An antiquated rule dating to the end of Prohibition was meant to guard against monopolies, but in the modern era of the craft beer boom, it stifles competition.

Call it the law of unintended consequences.

A pair of Charlotte breweries and the advocacy group Craft Freedom sued the state this week, asking a Wake County Superior Court judge to block enforcement of North Carolina’s 25,000-barrel cap on self-distribution.

Brewers whose production exceeds the cap are required to sign contracts with wholesale distributors in order to get their ales, pilsners and porters on retail store shelves. Those who brew 24,999 barrels or fewer are free to deal directly with merchants.

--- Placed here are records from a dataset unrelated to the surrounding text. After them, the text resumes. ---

lemma Mset_subset_Mset:
  assumes "y \<le> x" "rho \<F> m (\<phi> y) (\<phi> x) \<le> k"
  shows "Mset \<F> m \<phi> k y \<subseteq> Mset \<F> m \<phi> k x"
  using assms mono_\<phi> rho_le_trans by (auto simp: mem_Mset_iff intro: order_trans)

lemma mem_Mset_below:
  assumes "w \<in> Mset \<F> m \<phi> k x" "w \<le> z" "rho \<F> m (\<phi> z) (\<phi> x) \<le> k"
  shows "w \<in> Mset \<F> m \<phi> k z"
proof -
  from assms(1) have "w \<le> x" "rho \<F> m (\<phi> w) (\<phi> x) \<le> k" by (auto simp: mem_Mset_iff)
  with assms(3) have "rho \<F> m (\<phi> w) (\<phi> z) \<le> k"
    using rho_le_trans[of "\<phi> w" "\<phi> x" k "\<phi> z"] mono_\<phi> rho_commute by metis
  with assms(2) show ?thesis by (simp add: mem_Mset_iff)
qed

lemma Mset_Int_is_inf:
  assumes "is_inf x y z" "rho \<F> m (\<phi> z) (\<phi> x) \<le> k" "rho \<F> m (\<phi> z) (\<phi> y) \<le> k"
  shows "Mset \<F> m \<phi> k x \<inter> Mset \<F> m \<phi> k y = Mset \<F> m \<phi> k z"
proof
  show "Mset \<F> m \<phi> k z \<subseteq> Mset \<F> m \<phi> k x \<inter> Mset \<F> m \<phi> k y"
    using assms Mset_subset_Mset by (simp add: is_inf_def)
  show "Mset \<F> m \<phi> k x \<inter> Mset \<F> m \<phi> k y \<subseteq> Mset \<F> m \<phi> k z"
    using assms mem_Mset_below by (auto simp: is_inf_def mem_Mset_iff)
qed

lemma Mset_diff_pred_set:
  assumes "successor_like x" "\<And>z. z \<in> pred_set x \<Longrightarrow> rho \<F> m (\<phi> z) (\<phi> x) \<le> k"
  shows "Mset \<F> m \<phi> k x - (\<Union>z\<in>pred_set x. Mset \<F> m \<phi> k z) = {x}"
proof
  show "{x} \<subseteq> Mset \<F> m \<phi> k x - (\<Union>z\<in>pred_set x. Mset \<F> m \<phi> k z)"
    using self_mem_Mset by (auto simp: mem_Mset_iff pred_set_def)
  show "Mset \<F> m \<phi> k x - (\<Union>z\<in>pred_set x. Mset \<F> m \<phi> k z) \<subseteq> {x}"
  proof
    fix w
    assume w: "w \<in> Mset \<F> m \<phi> k x - (\<Union>z\<in>pred_set x. Mset \<F> m \<phi> k z)"
    show "w \<in> {x}"
    proof (rule ccontr)
      assume "w \<notin> {x}"
      with w have "w < x" by (auto simp: mem_Mset_iff)
      with assms(1) obtain z where z: "z \<in> pred_set x" "w \<le> z"
        unfolding successor_like_def by blast
      with w assms(2) have "w \<in> Mset \<F> m \<phi> k z" by (blast intro: mem_Mset_below)
      with z(1) w show False by blast
    qed
  qed
qed

end

lemma Mset_incompatible: "incompatible x y \<Longrightarrow> Mset \<F> m \<phi> k x \<inter> Mset \<F> m \<phi> k y = {}"
  by (auto simp: incompatible_def Mset_def)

State legislators passed on an opportunity to force a compromise between brewers and distributors last month. House Bill 500 includes various changes to alcoholic beverage control laws, but bowing to pressure from the deep-pocketed beer distributors’ lobby, they stripped out a provision to raise the self-distribution cap to 200,000 barrels.

The N.C. Beer & Wine Wholesalers Association poured $231,662 into state candidates’ campaign coffers in 2016, according to N.C. Free Enterprise Foundation figures. Not surprisingly, the industry has powerful allies in Raleigh.

A statement from the group published in Durham’s IndyWeek newspaper warns raising the cap “places North Carolina distribution jobs at financial risk.”

Sure, and if the federal tax code was streamlined and written in plain language so more folks felt confident filing their own returns, a lot of tax preparers would be out of work. But shielding middleman jobs created by bad legislation simply isn’t a valid reason to keep wrongheaded laws on the books.

Distributors fear raising the cap will cut into their action. A law designed to encourage competition by preventing a few large breweries from cornering the retail market now achieves the opposite result — protectionism.

For consumers, the choice is clear. Raising the cap on self-distribution — or better yet, dispensing with it entirely — would lead to more variety and lower prices.

“Without self-distribution, there is a tremendous disincentive for entrepreneurs to invest in a craft brewery, because the brewery’s access to market rests in the hands of other private companies that have no vested interest in the success of the brewery,” plaintiffs Craft Freedom LLC, The Old Mecklenburg Brewery and NoDa Brewing Co. argue in the lawsuit.

It’s only natural for distributors to fight a bill that could harm their business, but we wish they’d be more open to compromise. After all, it’s easier for national and regional retail chains to deal with a handful of wholesalers than hundreds of small breweries. Market conditions would likely support a hybrid model where brewers self-distribute on their home turf where demand for their product is highest and ink deals with distributors if and when they want to grow their footprint.

Breweries, however, should retain the option of going it alone. We oppose any law that requires companies to enter into private contracts against their will. Consumers should, too.